The development of costume across the film mirrors the development of character. What are we as an audience able to decipher purely by the clothing and costumes used.
When first introduced to Orlando, the rich gold hue colours of his costume and multi textured velvets suggest that he is of an upper class social standing. The detailed gold trim and complex design are signs of wealth and prosperity. Yet as shorts and doublet are young mens clothing, we are able to see that he is still regarded as somewhat juvenile and immature by his peers.
The costume of Queen Elizabeth is incredibly intricate and detailed. The large ruff and abundance of jewellery show status and power. The Queen has the most elaborate clothing, as she is the most important.
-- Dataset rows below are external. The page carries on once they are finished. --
lemma ho_form_eq_exp_sum:
  assumes i0: "i0 \<le> n" and N: "N = 2 * int i0 + s"
    and S: "{j. ho_less j N} = (\<lambda>i. 2 * int i + s) ` ({..n} - {i0})"
  shows "ho_form N c (\<i> * of_real x) = exp_sum n s (\<lambda>i. if i = i0 then 1 else c (2 * int i + s)) x"
proof -
  let ?e = "\<lambda>i. exp (\<i> * of_int (2 * int i + s) * of_real x)"
  have inj: "inj_on (\<lambda>i. 2 * int i + s) ({..n} - {i0})" by (auto simp: inj_on_def)
  have "(\<Sum>j\<in>{j. ho_less j N}. c j * exp (of_int j * (\<i> * of_real x))) =
        (\<Sum>i\<in>{..n} - {i0}. (if i = i0 then 1 else c (2 * int i + s)) * ?e i)"
    unfolding S by (subst sum.reindex[OF inj]) (auto simp: mult_ac intro!: sum.cong)
  moreover have "exp_sum n s (\<lambda>i. if i = i0 then 1 else c (2 * int i + s)) x =
        ?e i0 + (\<Sum>i\<in>{..n} - {i0}. (if i = i0 then 1 else c (2 * int i + s)) * ?e i)"
    unfolding exp_sum_def using i0 by (subst sum.remove[of _ i0]) auto
  ultimately show ?thesis
    unfolding ho_form_def N by (simp add: mult_ac)
qed

definition ho_orthogonal_coeffs :: "real \<Rightarrow> int \<Rightarrow> (int \<Rightarrow> complex) \<Rightarrow> bool" where
  "ho_orthogonal_coeffs k N c \<longleftrightarrow>
     (\<forall>j. \<not> ho_less j N \<longrightarrow> c j = 0) \<and>
     (\<forall>j. ho_less j N \<longrightarrow>
        ho_inner k (\<lambda>x. ho_form N c (\<i> * of_real x)) (\<lambda>x. exp (\<i> * of_int j * of_real x)) = 0)"

lemma ho_coeffs_eq_The: "ho_coeffs k N = (THE c. ho_orthogonal_coeffs k N c)"
  unfolding ho_coeffs_def ho_orthogonal_coeffs_def ..

lemma ho_less_iff_index:
  assumes S: "{j. ho_less j N} = (\<lambda>i. 2 * int i + s) ` ({..n} - {i0})"
  shows "ho_less j N \<longleftrightarrow> (\<exists>l. l \<le> n \<and> l \<noteq> i0 \<and> j = 2 * int l + s)"
proof -
  have "ho_less j N \<longleftrightarrow> j \<in> (\<lambda>i. 2 * int i + s) ` ({..n} - {i0})"
    unfolding S[symmetric] by simp
  then show ?thesis by auto
qed

lemma ho_inner_ho_form_exp:
  assumes k: "k \<ge> 0" and i0: "i0 \<le> n" and N: "N = 2 * int i0 + s"
    and S: "{j. ho_less j N} = (\<lambda>i. 2 * int i + s) ` ({..n} - {i0})"
  shows "ho_inner k (\<lambda>x. ho_form N c (\<i> * of_real x)) (\<lambda>x. exp (\<i> * of_int (2 * int l + s) * of_real x)) =
         (\<Sum>i\<le>n. (if i = i0 then 1 else c (2 * int i + s)) * ho_moment k (2 * (int i - int l))) / (2 * pi)"
  unfolding ho_form_eq_exp_sum[OF i0 N S] by (rule ho_inner_exp_sum[OF k])

text \<open>The difference of two solutions is orthogonal to itself.\<close>

lemma ho_orthogonal_coeffs_unique:
  assumes k: "k \<ge> 0" and i0: "i0 \<le> n" and N: "N = 2 * int i0 + s"
    and S: "{j. ho_less j N} = (\<lambda>i. 2 * int i + s) ` ({..n} - {i0})"
    and c: "ho_orthogonal_coeffs k N c" and c': "ho_orthogonal_coeffs k N c'"
  shows "c = c'"
proof -
  define \<beta> where "\<beta> c i = (if i = i0 then 1 else c (2 * int i + s))" for c :: "int \<Rightarrow> complex" and i
  have moments: "(\<Sum>i\<le>n. \<beta> c i * ho_moment k (2 * (int i - int l))) = 0"
    if "ho_orthogonal_coeffs k N c" "l \<le> n" "l \<noteq> i0" for c l
  proof -
    have "ho_less (2 * int l + s) N"
      unfolding ho_less_iff_index[OF S] using that(2,3) by blast
    with that(1)[unfolded ho_orthogonal_coeffs_def]
    have "ho_inner k (\<lambda>x. ho_form N c (\<i> * of_real x))
            (\<lambda>x. exp (\<i> * of_int (2 * int l + s) * of_real x)) = 0"
      by blast
    then show ?thesis
      unfolding ho_inner_ho_form_exp[OF k i0 N S] \<beta>_def by simp
  qed
  define d where "d i = \<beta> c i - \<beta> c' i" for i
  have d_orth: "(\<Sum>i\<le>n. d i * ho_moment k (2 * (int i - int l))) = 0" if "l \<le> n" "l \<noteq> i0" for l
  proof -
    have "(\<Sum>i\<le>n. d i * ho_moment k (2 * (int i - int l))) =
          (\<Sum>i\<le>n. \<beta> c i * ho_moment k (2 * (int i - int l))) -
          (\<Sum>i\<le>n. \<beta> c' i * ho_moment k (2 * (int i - int l)))"
      by (simp add: d_def left_diff_distrib sum_subtractf)
    then show ?thesis
      using moments[OF c that] moments[OF c' that] by simp
  qed
  have "(\<Sum>i\<le>n. \<Sum>l\<le>n. d i * cnj (d l) * ho_moment k (2 * (int i - int l))) =
        cnj (d i0) * (\<Sum>i\<le>n. d i * ho_moment k (2 * (int i - int i0)))"
    by (rule sum_sum_orthogonal[OF i0 d_orth])
  also have "d i0 = 0" by (simp add: d_def \<beta>_def)
  finally have gram: "(\<Sum>i\<le>n. \<Sum>l\<le>n. d i * cnj (d l) * ho_moment k (2 * (int i - int l))) = 0"
    by simp
  show ?thesis
  proof
    fix j
    show "c j = c' j"
    proof (cases "ho_less j N")
      case True
      then obtain l where l: "l \<le> n" "l \<noteq> i0" "j = 2 * int l + s"
        by (auto simp: ho_less_iff_index[OF S])
      with ho_moment_gram_eq_0D[OF k gram l(1)] show ?thesis by (simp add: d_def \<beta>_def)
    next
      case False
      with c c' show ?thesis by (simp add: ho_orthogonal_coeffs_def)
    qed
  qed
qed

lemma HO_E_eq_exp_sum:
  assumes k: "k \<ge> 0" and i0: "i0 \<le> n" and N: "N = 2 * int i0 + s"
    and S: "{j. ho_less j N} = (\<lambda>i. 2 * int i + s) ` ({..n} - {i0})"
    and b_top: "b i0 = 1"
    and b_orth: "\<And>l. l \<le> n \<Longrightarrow> l \<noteq> i0 \<Longrightarrow> (\<Sum>i\<le>n. b i * moment_ratio k (int i - int l)) = 0"
  shows "HO_E k N (\<i> * of_real x) = exp_sum n s (\<lambda>i. of_real (b i)) x"
proof -
  define c where "c j = (if ho_less j N then complex_of_real (b (nat ((j - s) div 2))) else 0)" for j
  have coeff: "(if i = i0 then 1 else c (2 * int i + s)) = of_real (b i)" if "i \<le> n" for i
  proof (cases "i = i0")
    case False
    with that have "ho_less (2 * int i + s) N"
      unfolding ho_less_iff_index[OF S] by blast
    with False show ?thesis by (simp add: c_def)
  qed (simp add: b_top)
  have "ho_orthogonal_coeffs k N c"
    unfolding ho_orthogonal_coeffs_def
  proof (intro conjI allI impI)
    fix j
    show "c j = 0" if "\<not> ho_less j N" using that by (simp add: c_def)
    show "ho_inner k (\<lambda>x. ho_form N c (\<i> * of_real x)) (\<lambda>x. exp (\<i> * of_int j * of_real x)) = 0"
      if lower: "ho_less j N"
    proof -
      obtain l where l: "l \<le> n" "l \<noteq> i0" "j = 2 * int l + s"
        using lower by (auto simp: ho_less_iff_index[OF S])
      have "(\<Sum>i\<le>n. (if i = i0 then 1 else c (2 * int i + s)) * ho_moment k (2 * (int i - int l))) =
            (\<Sum>i\<le>n. of_real (b i) * ho_moment k (2 * (int i - int l)))"
        by (intro sum.cong refl) (simp add: coeff)
      also have "\<dots> = of_real (ho_mass k * (\<Sum>i\<le>n. b i * moment_ratio k (int i - int l)))"
        by (simp only: ho_moment_even[OF k]) (simp add: sum_distrib_left mult_ac)
      also have "\<dots> = 0"
        using b_orth[OF l(1,2)] by simp
      finally show ?thesis
        unfolding l(3) ho_inner_ho_form_exp[OF k i0 N S] by simp
    qed
  qed
  then have "ho_coeffs k N = c"
    unfolding ho_coeffs_eq_The
    using ho_orthogonal_coeffs_unique[OF k i0 N S _ \<open>ho_orthogonal_coeffs k N c\<close>]
    by (rule the_equality)
  then have "HO_E k N (\<i> * of_real x) = ho_form N c (\<i> * of_real x)"
    by (simp only: HO_E_def)
  also have "\<dots> = exp_sum n s (\<lambda>i. of_real (b i)) x"
    unfolding ho_form_eq_exp_sum[OF i0 N S] exp_sum_def by (intro sum.cong refl) (simp add: coeff)
  finally show ?thesis .
qed

text \<open>Since \<open>E_N\<close> is orthogonal to its lower terms, its squared norm is its inner product
  with the leading exponential.\<close>

lemma ho_norm2_HO_E:
  assumes k: "k \<ge> 0" and i0: "i0 \<le> n" and N: "N = 2 * int i0 + s"
    and S: "{j. ho_less j N} = (\<lambda>i. 2 * int i + s) ` ({..n} - {i0})"
    and b_top: "b i0 = 1"
    and b_orth: "\<And>l. l \<le> n \<Longrightarrow> l \<noteq> i0 \<Longrightarrow> (\<Sum>i\<le>n. b i * moment_ratio k (int i - int l)) = 0"
  shows "ho_norm2 k (\<lambda>x. HO_E k N (\<i> * of_real x)) =
         ho_mass k / (2 * pi) * (\<Sum>i\<le>n. b i * moment_ratio k (int i - int i0))"
proof -
  have "(\<Sum>i\<le>n. \<Sum>l\<le>n. complex_of_real (b i) * cnj (of_real (b l)) * ho_moment k (2 * (int i - int l))) =
        of_real (ho_mass k * (\<Sum>i\<le>n. \<Sum>l\<le>n. b i * b l * moment_ratio k (int i - int l)))"
    by (simp only: ho_moment_even[OF k]) (simp add: sum_distrib_left mult_ac)
  also have "(\<Sum>i\<le>n. \<Sum>l\<le>n. b i * b l * moment_ratio k (int i - int l)) =
             (\<Sum>i\<le>n. b i * moment_ratio k (int i - int i0))"
    using sum_sum_orthogonal[OF i0, of b "\<lambda>i l. moment_ratio k (int i - int l)" b] b_orth b_top by simp
  finally have gram: "(\<Sum>i\<le>n. \<Sum>l\<le>n. complex_of_real (b i) * cnj (of_real (b l)) * ho_moment k (2 * (int i - int l))) =
        of_real (ho_mass k * (\<Sum>i\<le>n. b i * moment_ratio k (int i - int i0)))" .
  have "ho_norm2 k (\<lambda>x. HO_E k N (\<i> * of_real x)) =
        Re (\<Sum>i\<le>n. \<Sum>l\<le>n. complex_of_real (b i) * cnj (of_real (b l)) * ho_moment k (2 * (int i - int l))) / (2 * pi)"
  proof -
    have E: "(\<lambda>x. HO_E k N (\<i> * of_real x)) = exp_sum n s (\<lambda>i. of_real (b i))"
      using HO_E_eq_exp_sum[OF assms] by (intro ext)
    show ?thesis unfolding E by (rule ho_norm2_exp_sum[OF k])
  qed
  then show ?thesis
    unfolding gram by simp
qed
Despite her increasing age her elaborate headpiece fine dress give her a graceful and beautiful appearance.
The difference between the two characters is exemplified through costume. Orlando's costume is covered in pearls, a traditional sign of purity, as he has not been tainted yet by the 'treachery of women'. Sacha is the exotic foreigner, who's costume is abundant in misty dark colour and and thick primal furs.
Here we are able to see Orlando's transition deeper into the Turkish culture. He has shed all past English influence and now dresses similarly to the Khan. We can also see plenty of foreshadowing for his upcoming transition into a women as the costume is very androgynous and halfway between the Turkish men's clothing and what we see the women of Constantinople wearing.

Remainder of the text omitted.